SynOmicsBench can be installed in three different ways depending on your environment. **Python 3.12+** is required.

### Option 1: From PyPI (Recommended)

```bash
pip install synomicsbench
```

### Option 2: From Source (GitHub)
We recommend using [`uv`](https://docs.astral.sh/uv/) for fast, reliable dependency management.

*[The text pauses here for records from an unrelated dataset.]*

(* Let $D\ge1$ and let $\mathcal{F}$ be a collection of pairwise non-overlapping $D$-simplices on $\gamma_D$ whose vertex sets have union exactly $A$, $|A|=n$, and suppose $\mathcal{F}$ is non-extendable. Then there is a collection $\mathcal{F}'\supseteq\mathcal{F}$ of pairwise non-overlapping $D$-simplices on $\gamma_D$ whose vertex sets have union a set of exactly $n+1$ points of $\gamma_D$, such that $\mathcal{F}'$ is non-extendable.
   Context: $\gamma_D=\{(t,t^2,\dots,t^D):t\in\mathbb{R}\}$. A $D$-simplex on $\gamma_D$ is $\mathrm{conv}(\sigma)$ for $\sigma\subseteq\gamma_D$, $|\sigma|=D+1$. Simplices overlap if $\mathrm{conv}(\sigma)\cap\mathrm{conv}(\tau)\supsetneq\mathrm{conv}(\sigma\cap\tau)$. A collection of simplices on $\gamma_D$ whose vertex sets have union $A$ is non-extendable if there is no triangulation of $\mathrm{conv}(A)$ (geometric simplicial complex with union $\mathrm{conv}(A)$) all of whose vertices lie in $A$ and which contains every simplex of the collection. *)

theory Defs
  imports "HOL-Analysis.Analysis"
begin

text \<open>The ambient space is real^'n with D = CARD('n) (so D >= 1 automatically).
  The coordinates are indexed by 'n via a fixed bijection onto {0..<D};
  coordinate idx i carries the power t^(idx i + 1).\<close>

definition coord_idx :: "'n::finite \<Rightarrow> nat" where
  "coord_idx = (SOME f. bij_betw f (UNIV :: 'n set) {..<CARD('n)})"

definition moment :: "real \<Rightarrow> real ^ 'n::finite" where
  "moment t = (\<chi> i. t ^ Suc (coord_idx i))"

definition moment_curve :: "(real ^ 'n::finite) set" where
  "moment_curve = range moment"

definition curve_simplex :: "(real ^ 'n::finite) set \<Rightarrow> bool" where
  "curve_simplex \<sigma> \<longleftrightarrow> \<sigma> \<subseteq> moment_curve \<and> finite \<sigma> \<and> card \<sigma> = CARD('n) + 1"
definition strongly_homotopic ::
  "'a set \<Rightarrow> ('a \<Rightarrow> 'a \<Rightarrow> bool) \<Rightarrow> ('a \<Rightarrow> 'a) \<Rightarrow> ('a \<Rightarrow> 'a) \<Rightarrow> bool" where
  "strongly_homotopic X adj f g \<longleftrightarrow>
     (\<exists>(m::nat) (H :: 'a \<Rightarrow> nat \<Rightarrow> 'a). m \<ge> 1 \<and>
        (\<forall>x\<in>X. \<forall>t\<le>m. H x t \<in> X) \<and>
        (\<forall>x\<in>X. H x 0 = f x) \<and> (\<forall>x\<in>X. H x m = g x) \<and>
        (\<forall>x\<in>X. \<forall>x'\<in>X. \<forall>t\<le>m. \<forall>t'\<le>m.
            (x, t) \<noteq> (x', t') \<and> adj_eq adj x x' \<and> t \<le> t' + 1 \<and> t' \<le> t + 1
            \<longrightarrow> adj_eq adj (H x t) (H x' t')))"

text \<open>A q-chain (tensored with Q) is represented as an alternating rational-valued function on
ordered q-simplices: the value at (x0,...,xq) is the coefficient of the oriented generator
<x0,...,xq>; alternation encodes the relation <x_rho(0),...> = sgn(rho) <x0,...>.\<close>

definition ordered_simplex :: "'a set \<Rightarrow> ('a \<Rightarrow> 'a \<Rightarrow> bool) \<Rightarrow> 'a list \<Rightarrow> bool" where
  "ordered_simplex X adj xs \<longleftrightarrow> xs \<noteq> [] \<and> distinct xs \<and> set xs \<subseteq> X \<and>
     (\<forall>x\<in>set xs. \<forall>y\<in>set xs. x \<noteq> y \<longrightarrow> adj x y)"

definition chains :: "'a set \<Rightarrow> ('a \<Rightarrow> 'a \<Rightarrow> bool) \<Rightarrow> nat \<Rightarrow> ('a list \<Rightarrow> rat) set" where
  "chains X adj q = {c. (\<forall>xs. c xs \<noteq> 0 \<longrightarrow> ordered_simplex X adj xs \<and> length xs = Suc q) \<and>
      (\<forall>xs p. p permutes {..<length xs} \<longrightarrow>
          c (permute_list p xs) = of_int (sign p) * c xs)}"

text \<open>Boundary: linear extension of the alternating-sum formula; at an ordered simplex
(y1,...,yq) its coefficient is the sum over v of c(v,y1,...,yq).\<close>

definition boundary :: "'a set \<Rightarrow> ('a \<Rightarrow> 'a \<Rightarrow> bool) \<Rightarrow> ('a list \<Rightarrow> rat) \<Rightarrow> 'a list \<Rightarrow> rat" where
  "boundary X adj c ys = (if ordered_simplex X adj ys then (\<Sum>v\<in>X. c (v # ys)) else 0)"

This method uses the provided uv.lock file to ensure reproducible installations.
```bash
git clone https://github.com/trinhthechuong/SynOmicsBench.git
cd SynOmicsBench

# With uv (Fastest)
uv sync
source .venv/bin/activate

# Or with traditional pip
pip install -e .
```

### Option 3: Pre-built Container (Apptainer/Singularity)
For HPC environments or reproducible workflows, you can pull our fully prepared Apptainer container which contains all dependencies (including heavy ML frameworks and R):

```bash
# Pull the latest SynOmicsBench container
apptainer pull synomicsbench.sif oras://ghcr.io/trinhthechuong/synomicsbench:latest

# Verify the container is working and the package is ready
apptainer exec synomicsbench.sif python -c "import synomicsbench; print('OK: SynOmicsBench is ready!')"
```
*(To use the container for your scripts, simply mount your directories via `--bind` and run your Python scripts using `apptainer exec`)*

---

## 🚀 Quick Start

Here is a brief example of how to generate synthetic data with Gaussian Copula and evaluate its statistical fidelity:

```python
import pandas as pd
from synomicsbench.synthesizer.GaussianCopulasynthesizer import GaussianCopulasynthesizer
from synomicsbench.processing.metadata import MetaData
from synomicsbench.metrics.fidelity.UnivariateSimilarity import UnivariateSimilarity 

# 1. Load Data & Prepare Metadata
original_data = pd.read_csv("your_clinical_transcriptomic_data.csv")
ordinal_features = ["Mstage", "Tx_Start_ECOG", "numPriorTherapies"]
metadata = MetaData.get_metadata(data=original_data, ordinal_features=ordinal_features)

# 2. Generate Synthetic Data
synth = GaussianCopulasynthesizer(output_path="./results", metadata=metadata)
synthetic_data = synth.generate(
    data=original_data, 
    n_samples=original_data.shape[0]
)

# 3. Evaluate Fidelity
evaluator = UnivariateSimilarity(output_dir="./evaluation_results")
score = evaluator.get_univariate_score(
    original_data=original_data, 
    synthetic_data=synthetic_data, 
    metadata=metadata, 
    save=True
)
print(f"Overall Fidelity Score: {score:.4f}")
```

---

## 📚 Documentation

For complete API references, tutorials, and full benchmarking results, check out the **[SynOmicsBench Official Documentation](https://trinhthechuong.github.io/SynOmicsBench/)**:

- [**Getting Started**](https://trinhthechuong.github.io/SynOmicsBench/getting-started/): Step-by-step setup guides.
- [**Preprocessing Pipeline**](https://trinhthechuong.github.io/SynOmicsBench/preprocessing/): Harmonizing multimodal data.
- [**SDG Methods**](https://trinhthechuong.github.io/SynOmicsBench/synthetic-data/): Deep dive into generation models.
- [**Evaluation Framework**](https://trinhthechuong.github.io/SynOmicsBench/evaluation/): Understand our metrics for Privacy and Biological signal preservation.

---

## 📝 Citation

If you use SynOmicsBench in your research, please cite:

> Trinh, T. C., Woillard, J. B., Uguzzoni, G., & Battail, C. (2024). **A unified benchmark of synthetic data generation for clinical and transcriptomic cancer data.** *(Manuscript in preparation)*

## 📄 License
This project is open-sourced under the MIT License.